Perplexity

Perplexity is commonly used to quantify the quality of a language model.

  • In terms of language modeling, cross entropy indicates the average number of bits needed to encode one word, and perplexity is the number of words that can be encoded with those bits. Denoting PPL as perplexity and CE as cross-entropy, then for a sequence $X$, $PPL(X) = 2^{CE(X)}$

  • So, if CE = 2, then PPL = 4 (which can be interpreted as the average branching factor). I.e. when trying to guess the next word, the language model is as confused as if it had to pick between 4 different worrds. So to minimize perplexity, you minimize cross-entropy, which means bringing to modeling distribution $Q$ closer to the real underlying distribution $P$. 

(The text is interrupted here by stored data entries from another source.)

(* (i) The locus of the incenter $X_1$ (triangle center function $h\equiv 1$) over the 3-periodics of $E$ is the ellipse $x^2/a_1^2+y^2/b_1^2=1$ with $a_1=\dfrac{\delta-b^2}{a}$, $b_1=\dfrac{a^2-\delta}{b}$. (ii) The set of all excenters of all 3-periodics of $E$ is the ellipse $x^2/a_e^2+y^2/b_e^2=1$ with $a_e=\dfrac{b^2+\delta}{a}$, $b_e=\dfrac{a^2+\delta}{b}$.
   Context: Fix real numbers $a>b>0$, let $E$ be the ellipse $x^2/a^2+y^2/b^2=1$ and $\delta=\sqrt{a^4-a^2b^2+b^4}$. A 3-periodic is a non-degenerate triangle $P_1P_2P_3$ with all vertices on $E$ such that at each vertex $P_j$ the normal line to $E$ at $P_j$ bisects the interior angle of the triangle at $P_j$. For a triangle let $s_1=|P_2P_3|$, $s_2=|P_3P_1|$, $s_3=|P_1P_2|$. The point with trilinear coordinates $p:q:r$ is the Cartesian point $\dfrac{p s_1P_1+q s_2P_2+r s_3P_3}{p s_1+q s_2+r s_3}$. The incenter has trilinears $1:1:1$; the three excenters have trilinears $-1:1:1$, $1:-1:1$, $1:1:-1$. The locus of a center is the set of its positions over all 3-periodics. *)

theory Defs
  imports "HOL-Analysis.Analysis"
begin

type_synonym pt = "real \<times> real"

definition on_ellipse :: "real \<Rightarrow> real \<Rightarrow> pt \<Rightarrow> bool" where
  "on_ellipse a b P \<longleftrightarrow> (fst P)^2 / a^2 + (snd P)^2 / b^2 = 1"

definition cross2 :: "pt \<Rightarrow> pt \<Rightarrow> real" where
  "cross2 u v = fst u * snd v - snd u * fst v"

definition ell_normal :: "real \<Rightarrow> real \<Rightarrow> pt \<Rightarrow> pt" where
  "ell_normal a b P = (fst P / a^2, snd P / b^2)"

definition non_degenerate :: "pt \<Rightarrow> pt \<Rightarrow> pt \<Rightarrow> bool" where
  "non_degenerate P1 P2 P3 \<longleftrightarrow> cross2 (P2 - P1) (P3 - P1) \<noteq> 0"

(* the internal angle bisector at P (of the angle between rays P->Q and P->R)
   has direction (Q-P)/|Q-P| + (R-P)/|R-P|; the normal line at P bisects the
   interior angle iff this direction is parallel to the normal *)
definition normal_bisects :: "real \<Rightarrow> real \<Rightarrow> pt \<Rightarrow> pt \<Rightarrow> pt \<Rightarrow> bool" where
  "normal_bisects a b P Q R \<longleftrightarrow>
     cross2 ((Q - P) /\<^sub>R norm (Q - P) + (R - P) /\<^sub>R norm (R - P)) (ell_normal a b P) = 0"

definition three_periodic :: "real \<Rightarrow> real \<Rightarrow> pt \<Rightarrow> pt \<Rightarrow> pt \<Rightarrow> bool" where
  "three_periodic a b P1 P2 P3 \<longleftrightarrow>
     non_degenerate P1 P2 P3 \<and>
     on_ellipse a b P1 \<and> on_ellipse a b P2 \<and> on_ellipse a b P3 \<and>
     normal_bisects a b P1 P2 P3 \<and> normal_bisects a b P2 P3 P1 \<and>
     normal_bisects a b P3 P1 P2"

definition trilinear_point :: "real \<Rightarrow> real \<Rightarrow> real \<Rightarrow> pt \<Rightarrow> pt \<Rightarrow> pt \<Rightarrow> pt" where
  "trilinear_point p q r P1 P2 P3 =
     (let s1 = dist P2 P3; s2 = dist P3 P1; s3 = dist P1 P2 in
      (1 / (p * s1 + q * s2 + r * s3)) *\<^sub>R
        ((p * s1) *\<^sub>R P1 + (q * s2) *\<^sub>R P2 + (r * s3) *\<^sub>R P3))"

definition incenter :: "pt \<Rightarrow> pt \<Rightarrow> pt \<Rightarrow> pt" where
  "incenter = trilinear_point 1 1 1"

definition excenters :: "pt \<Rightarrow> pt \<Rightarrow> pt \<Rightarrow> pt set" where
  "excenters P1 P2 P3 = {trilinear_point (-1) 1 1 P1 P2 P3,
                         trilinear_point 1 (-1) 1 P1 P2 P3,
                         trilinear_point 1 1 (-1) P1 P2 P3}"

definition ellipse_set :: "real \<Rightarrow> real \<Rightarrow> pt set" where
  "ellipse_set A B = {P. on_ellipse A B P}"

end

theory Submission
  imports Defs
begin

text \<open>
  Write the vertices as (a x_i, b y_i) with x_i^2 + y_i^2 = 1. The normal at P_i bisects the angle
  at P_i iff (1 - x_i x_j - y_i y_j) / |P_i P_j| has the same value for both neighbours j, so a
  triangle is 3-periodic iff this ratio c is the same on all three sides. Squaring, every side then
  satisfies p' x_i x_j + q' y_i y_j = r' with p' + q' = 2, and three distinct unit vectors can share
  such a relation only if 2 r' + p' q' = 0. This determines c, and shows that the 3-periodics are
  exactly the triangles whose vertices are pairwise conjugate: p x_i x_j + q y_i y_j = - p q / 2
  with p = 2 (a^2 - delta) / (a^2 - b^2) and q = 2 (delta - b^2) / (a^2 - b^2).

  The incenter is the intersection of the normals at P_1 and P_2, and conjugacy of P_1 and P_2
  places it on the first ellipse. The excenter opposite P_1 is the intersection of the tangents at
  P_2 and P_3, which by conjugacy is (- 2 a x_1 / q, - 2 b y_1 / p). Conversely every unit vector
  has two conjugate partners completing it to a 3-periodic: this inverts the excenter map directly,
  and an intermediate value argument on one coordinate, with the reflection y \<mapsto> - y, covers the
  incenter ellipse.
\<close>

section \<open>Angle bisectors in the plane\<close>

lemma cross2_scaleR_left [simp]: "cross2 (c *\<^sub>R u) v = c * cross2 u v"
  and cross2_scaleR_right [simp]: "cross2 u (c *\<^sub>R v) = c * cross2 u v"
  by (simp_all add: cross2_def algebra_simps)

lemma cross2_self [simp]: "cross2 u u = 0"
  and cross2_zero_left [simp]: "cross2 0 u = 0"
  and cross2_zero_right [simp]: "cross2 u 0 = 0"
  by (simp_all add: cross2_def)

lemma cross2_inner_identity:
  fixes s t n :: pt
  shows "inner s t * inner s n + cross2 s t * cross2 s n = inner s s * inner t n"
  by (cases s; cases t; cases n) (simp add: cross2_def algebra_simps)

lemma cross2_unit_sum_eq_0_iff:
  fixes u w n :: pt
  assumes "norm u = 1" "norm w = 1" "cross2 u w \<noteq> 0"
  shows "cross2 (u + w) n = 0 \<longleftrightarrow> inner u n = inner w n"
proof -
  have orth: "inner (u + w) (u - w) = 0"
    using assms(1,2) by (simp add: algebra_simps inner_commute flip: power2_norm_eq_inner)
  have cr: "cross2 (u + w) (u - w) = -2 * cross2 u w"
    by (simp add: cross2_def algebra_simps)
  then have "u + w \<noteq> 0" using assms(3) by auto
  then have "inner (u + w) (u + w) \<noteq> 0" by simp
  moreover have "cross2 (u + w) (u - w) * cross2 (u + w) n = inner (u + w) (u + w) * inner (u - w) n"
    using cross2_inner_identity[of "u + w" "u - w" n] orth by simp
  ultimately show ?thesis using cr assms(3) by (auto simp: inner_diff_left)
qed

lemma cross2_bisector_eq_0_iff:
  fixes v w n :: pt
  assumes "cross2 v w \<noteq> 0"
  shows "cross2 (v /\<^sub>R norm v + w /\<^sub>R norm w) n = 0
    \<longleftrightarrow> inner v n * norm w = inner w n * norm v"
proof -
  have "v \<noteq> 0" "w \<noteq> 0" using assms by (auto simp: cross2_def)
  then have pos: "0 < norm v" "0 < norm w" by simp_all
  have "cross2 (v /\<^sub>R norm v) (w /\<^sub>R norm w) \<noteq> 0" using assms pos by simp
  then have "cross2 (v /\<^sub>R norm v + w /\<^sub>R norm w) n = 0
      \<longleftrightarrow> inner (v /\<^sub>R norm v) n = inner (w /\<^sub>R norm w) n"
    using pos by (intro cross2_unit_sum_eq_0_iff) simp_all
  also have "\<dots> \<longleftrightarrow> inner v n * norm w = inner w n * norm v"
    using pos by (simp add: field_simps)
  finally show ?thesis .
qed

lemma normal_bisects_iff_inner:
  assumes "non_degenerate P Q R"
  shows "normal_bisects a b P Q R \<longleftrightarrow>
    inner (Q - P) (ell_normal a b P) * dist P R = inner (R - P) (ell_normal a b P) * dist P Q"
proof -
  have dists: "dist P R = norm (R - P)" "dist P Q = norm (Q - P)"
    by (simp_all add: dist_norm norm_minus_commute)
  show ?thesis
    unfolding normal_bisects_def dists
    using assms unfolding non_degenerate_def by (rule cross2_bisector_eq_0_iff)
qed

lemma normal_bisects_swap: "normal_bisects a b P Q R \<longleftrightarrow> normal_bisects a b P R Q"
  by (simp add: normal_bisects_def add.commute)

lemma non_degenerate_rotate: "non_degenerate P1 P2 P3 \<longleftrightarrow> non_degenerate P2 P3 P1"
proof -
  have "cross2 (P3 - P2) (P1 - P2) = cross2 (P2 - P1) (P3 - P1)"
    by (simp add: cross2_def algebra_simps)
  then show ?thesis by (simp add: non_degenerate_def)
qed

lemma non_degenerate_swap: "non_degenerate P1 P2 P3 \<longleftrightarrow> non_degenerate P1 P3 P2"
proof -
  have "cross2 (P3 - P1) (P2 - P1) = - cross2 (P2 - P1) (P3 - P1)"
    by (simp add: cross2_def algebra_simps)
  then show ?thesis by (simp add: non_degenerate_def)
qed

lemma non_degenerate_distinct:
  assumes "non_degenerate P Q R"
  shows "P \<noteq> Q" "P \<noteq> R" "Q \<noteq> R"
  using assms unfolding non_degenerate_def by (auto simp: cross2_def)

lemma dist_less_of_non_degenerate:
  assumes "non_degenerate P Q R"
  shows "dist Q R < dist P Q + dist P R"
proof -
  have "norm ((P - Q) + (R - P)) \<noteq> norm (P - Q) + norm (R - P)"
  proof
    assume "norm ((P - Q) + (R - P)) = norm (P - Q) + norm (R - P)"
    then have "norm (P - Q) *\<^sub>R (R - P) = norm (R - P) *\<^sub>R (P - Q)"
      by (simp only: norm_triangle_eq)
    then have "norm (P - Q) * cross2 (P - Q) (R - P) = 0"
      by (metis cross2_scaleR_right cross2_self mult_zero_right)
    moreover have "cross2 (P - Q) (R - P) \<noteq> 0" "P - Q \<noteq> 0"
      using assms non_degenerate_distinct[OF assms] unfolding non_degenerate_def
      by (auto simp: cross2_def algebra_simps)
    ultimately show False by simp
  qed
  moreover have "norm ((P - Q) + (R - P)) \<le> norm (P - Q) + norm (R - P)"
    by (rule norm_triangle_ineq)
  ultimately show ?thesis by (simp add: dist_norm norm_minus_commute)
qed

lemma trilinear_point_rotate:
  "trilinear_point p q r P1 P2 P3 = trilinear_point q r p P2 P3 P1"
  unfolding trilinear_point_def Let_def by (simp add: add_ac)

  • Given a sequence $X = [x_{0}, \ldots, x_{t}]$, its likelihood is $P(X) = \prod_{0 \le i \le t} p(x_{i}|x_{\lt i})$

  • Cross entropy $CE(X) = - \frac{1}{t} \text{log} P(X)$
    • you can interpret this as the loss of the language model
  • Perplexity $PPL(X) = e^{CE(X)} = e^{-\frac{1}{t} \sum_{0 \le i \le t} \text{log } p(x_{i}|x_{\lt i})}$
    • The above shows that perplexity is closely related to the loss. Since the loss is only a weak proxy for the model’s ability to generate quality text, we often also evalute the language model in a downstream task.
Written on December 9, 2022